━━━━━ The records

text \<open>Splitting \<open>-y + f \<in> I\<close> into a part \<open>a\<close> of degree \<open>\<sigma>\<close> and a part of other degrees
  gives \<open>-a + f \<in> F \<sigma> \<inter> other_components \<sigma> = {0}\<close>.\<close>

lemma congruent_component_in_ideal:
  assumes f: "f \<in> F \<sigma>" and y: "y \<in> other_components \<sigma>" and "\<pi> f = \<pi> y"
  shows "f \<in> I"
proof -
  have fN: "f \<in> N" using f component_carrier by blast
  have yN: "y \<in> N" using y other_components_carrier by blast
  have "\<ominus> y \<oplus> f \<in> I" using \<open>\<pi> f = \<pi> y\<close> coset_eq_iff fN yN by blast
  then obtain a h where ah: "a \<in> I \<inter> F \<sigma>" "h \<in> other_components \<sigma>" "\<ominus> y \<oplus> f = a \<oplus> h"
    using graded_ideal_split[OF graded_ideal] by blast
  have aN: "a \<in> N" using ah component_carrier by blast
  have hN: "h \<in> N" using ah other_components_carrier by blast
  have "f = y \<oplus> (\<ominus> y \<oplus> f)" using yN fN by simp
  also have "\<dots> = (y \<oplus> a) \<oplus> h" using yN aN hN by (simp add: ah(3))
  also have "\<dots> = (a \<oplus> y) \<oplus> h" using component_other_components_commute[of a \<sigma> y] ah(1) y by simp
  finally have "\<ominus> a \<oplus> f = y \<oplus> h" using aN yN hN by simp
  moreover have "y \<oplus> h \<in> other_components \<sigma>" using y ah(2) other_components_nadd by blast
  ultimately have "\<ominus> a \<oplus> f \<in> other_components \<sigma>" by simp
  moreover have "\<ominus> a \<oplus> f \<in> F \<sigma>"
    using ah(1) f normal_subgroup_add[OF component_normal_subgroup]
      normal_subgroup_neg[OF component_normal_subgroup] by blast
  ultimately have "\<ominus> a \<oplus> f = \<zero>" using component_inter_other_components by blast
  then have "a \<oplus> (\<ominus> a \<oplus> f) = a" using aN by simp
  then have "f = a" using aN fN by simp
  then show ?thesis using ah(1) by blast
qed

━━━━━━━━━━

[Exercise instructions]:
The lines you need are those containing "close"; find them in the records and copy them.

[Result of the exercise]:
text \<open>Splitting \<open>-y + f \<in> I\<close> into a part \<open>a\<close> of degree \<open>\<sigma>\<close> and a part of other degrees
  gives \<open>-a + f \<in> F \<sigma> \<inter> other_components \<sigma> = {0}\<close>.\<close>
  have "\<ominus> y \<oplus> f \<in> I" using \<open>\<pi> f = \<pi> y\<close> coset_eq_iff fN yN by blast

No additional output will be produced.